> [Task objective] Gather all lines with "open" from the records.

> [Working data]
lemma i_string_eq: "c \<in> i_string B f i b \<Longrightarrow> i_string B f i c = i_string B f i b"
proof -
  let ?R = "f_edges B f i \<union> (f_edges B f i)\<inverse>"
  have "sym (?R\<^sup>*)" by (simp add: sym_Un_converse sym_rtrancl)
  then show "c \<in> i_string B f i b \<Longrightarrow> ?thesis"
    unfolding i_string_def by (blast dest: symD intro: rtrancl_trans)
qed

lemma i_string_from_highest:
  assumes cr: "crystal B e f" and "t \<in> B" and "e i t = None"
    and "c \<in> i_string B f i t"
  shows "\<exists>k. iter_op (f i) k t = Some c"
proof -
  have "(t, c) \<in> (f_edges B f i \<union> (f_edges B f i)\<inverse>)\<^sup>*"
    using assms(4) by (simp add: i_string_def)
  then show ?thesis
  proof (induction rule: rtrancl_induct)
    case base
    show ?case by (rule exI[of _ 0]) simp
  next
    case (step c d)
    then obtain k where k: "iter_op (f i) k t = Some c" by blast
    from step.hyps(2) show ?case
    proof
      assume "(c, d) \<in> f_edges B f i"
      then have "iter_op (f i) (Suc k) t = Some d" using k by (simp add: f_edges_def)
      then show ?case ..
    next
      assume "(c, d) \<in> (f_edges B f i)\<inverse>"
      then have "d \<in> B" and "f i d = Some c" by (simp_all add: f_edges_def)
      then have ec: "e i c = Some d" by (rule crystal_e_of_f[OF cr])
      show ?case
      proof (cases k)
        case 0
        then show ?thesis using k ec \<open>e i t = None\<close> by simp
      next
        case (Suc m)
        then show ?thesis
          using crystal_e_of_iter_f_Suc[OF cr \<open>t \<in> B\<close>] k ec by fastforce
      qed
    qed
  qed
qed

lemma i_string_highest_unique:
  assumes cr: "crystal B e f" and "t \<in> B" and "e i t = None"
    and "t' \<in> i_string B f i t" and "e i t' = None"
  shows "t' = t"
proof -
  obtain k where k: "iter_op (f i) k t = Some t'"
    using i_string_from_highest[OF assms(1-4)] ..
  show ?thesis
  proof (cases k)
    case (Suc m)
    then show ?thesis
      using crystal_e_of_iter_f_Suc[OF cr \<open>t \<in> B\<close>] k \<open>e i t' = None\<close> by fastforce
  qed (use k in simp)
qed

lemma extremalD:
  assumes "extremal B e f X"
  shows "X \<noteq> {}" and "X \<subseteq> B"
    and "S \<in> i_strings B f i \<Longrightarrow>
      S \<inter> X = {} \<or> S \<inter> X = S \<or> (\<exists>t \<in> S. e i t = None \<and> S \<inter> X = {t})"
  using assms unfolding extremal_def by blast+

lemma extremal_i_string_subset:
  assumes ext: "extremal B e f X" and "b \<in> X" and "e i b \<noteq> None"
  shows "i_string B f i b \<subseteq> X"
proof -
  let ?S = "i_string B f i b"
  have "b \<in> B" using extremalD(2)[OF ext] \<open>b \<in> X\<close> ..
  then have "?S \<in> i_strings B f i" by (simp add: i_strings_def)
  note string_cases = extremalD(3)[OF ext this]
  have b_in: "b \<in> ?S \<inter> X" using i_string_refl \<open>b \<in> X\<close> by fast
  from string_cases show ?thesis
  proof (elim disjE bexE conjE)
    fix t assume "e i t = None" and "?S \<inter> X = {t}"
    with b_in \<open>e i b \<noteq> None\<close> show ?thesis by auto
  qed (use b_in in auto)
qed

lemma extremal_imp_closed:
  assumes cr: "crystal B e f" and ext: "extremal B e f X"
  shows "e_closed e X" and "f_closed_nonhighest e f X"
proof -
  note string_in_X = extremal_i_string_subset[OF ext]
  note XB = extremalD(2)[OF ext]
  show "e_closed e X"
    unfolding e_closed_def
  proof (intro allI impI)
    fix i b c assume "b \<in> X" and ebc: "e i b = Some c"
    have "b \<in> B" using XB \<open>b \<in> X\<close> ..
    then have "c \<in> i_string B f i b" using ebc by (rule i_string_e[OF cr])
    then show "c \<in> X" using string_in_X[OF \<open>b \<in> X\<close>] ebc by auto
  qed
  show "f_closed_nonhighest e f X"
    unfolding f_closed_nonhighest_def
  proof (intro allI impI)
    fix i b c assume "b \<in> X" and "e i b \<noteq> None" and fbc: "f i b = Some c"
    have "b \<in> B" using XB \<open>b \<in> X\<close> ..
    then have "c \<in> i_string B f i b" using fbc by (rule i_string_f)
    then show "c \<in> X" using string_in_X[OF \<open>b \<in> X\<close> \<open>e i b \<noteq> None\<close>] by blast
  qed
qed

lemma i_string_subset_if_closed:
  assumes cr: "crystal B e f" and XB: "X \<subseteq> B"
    and e_cl: "e_closed e X" and f_cl: "f_closed_nonhighest e f X"
    and "b \<in> X" and "e i b \<noteq> None"
  shows "i_string B f i b \<subseteq> X"
proof
  fix c assume "c \<in> i_string B f i b"
  then have "(b, c) \<in> (f_edges B f i \<union> (f_edges B f i)\<inverse>)\<^sup>*"
    by (simp add: i_string_def)
  \<comment> \<open>Backward steps are covered by e-closure; a forward step lands on an element that is
    not i-highest, so the next forward step is covered by f-closure.\<close>
  then have "c \<in> X \<and> (\<forall>d. f i c = Some d \<longrightarrow> d \<in> X)"
  proof (induction rule: rtrancl_induct)
    case base
    then show ?case using f_cl \<open>b \<in> X\<close> \<open>e i b \<noteq> None\<close>
      by (auto simp: f_closed_nonhighest_def)
  next
    case (step c d)
    from step.hyps(2) show ?case
    proof
      assume "(c, d) \<in> f_edges B f i"
      then have "c \<in> B" and fc: "f i c = Some d" by (simp_all add: f_edges_def)
      then have "e i d \<noteq> None" using crystal_e_of_f[OF cr] by simp
      moreover have "d \<in> X" using step.IH fc by simp
      ultimately show ?case using f_cl by (auto simp: f_closed_nonhighest_def)
    next
      assume "(c, d) \<in> (f_edges B f i)\<inverse>"
      then have "d \<in> B" and fd: "f i d = Some c" by (simp_all add: f_edges_def)
      then have "e i c = Some d" by (rule crystal_e_of_f[OF cr])
      then show ?case using step.IH e_cl fd by (auto simp: e_closed_def)
    qed
  qed
  then show "c \<in> X" ..
qed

> [Reply to the exercise]
        then show ?thesis using k ec \<open>e i t = None\<close> by simp
          using crystal_e_of_iter_f_Suc[OF cr \<open>t \<in> B\<close>] k ec by fastforce
      using crystal_e_of_iter_f_Suc[OF cr \<open>t \<in> B\<close>] k \<open>e i t' = None\<close> by fastforce
  have "b \<in> B" using extremalD(2)[OF ext] \<open>b \<in> X\<close> ..
  have b_in: "b \<in> ?S \<inter> X" using i_string_refl \<open>b \<in> X\<close> by fast
    with b_in \<open>e i b \<noteq> None\<close> show ?thesis by auto
    have "b \<in> B" using XB \<open>b \<in> X\<close> ..
    then show "c \<in> X" using string_in_X[OF \<open>b \<in> X\<close>] ebc by auto
    have "b \<in> B" using XB \<open>b \<in> X\<close> ..
    then show "c \<in> X" using string_in_X[OF \<open>b \<in> X\<close> \<open>e i b \<noteq> None\<close>] by blast
  \<comment> \<open>Backward steps are covered by e-closure; a forward step lands on an element that is
    then show ?case using f_cl \<open>b \<in> X\<close> \<open>e i b \<noteq> None\<close>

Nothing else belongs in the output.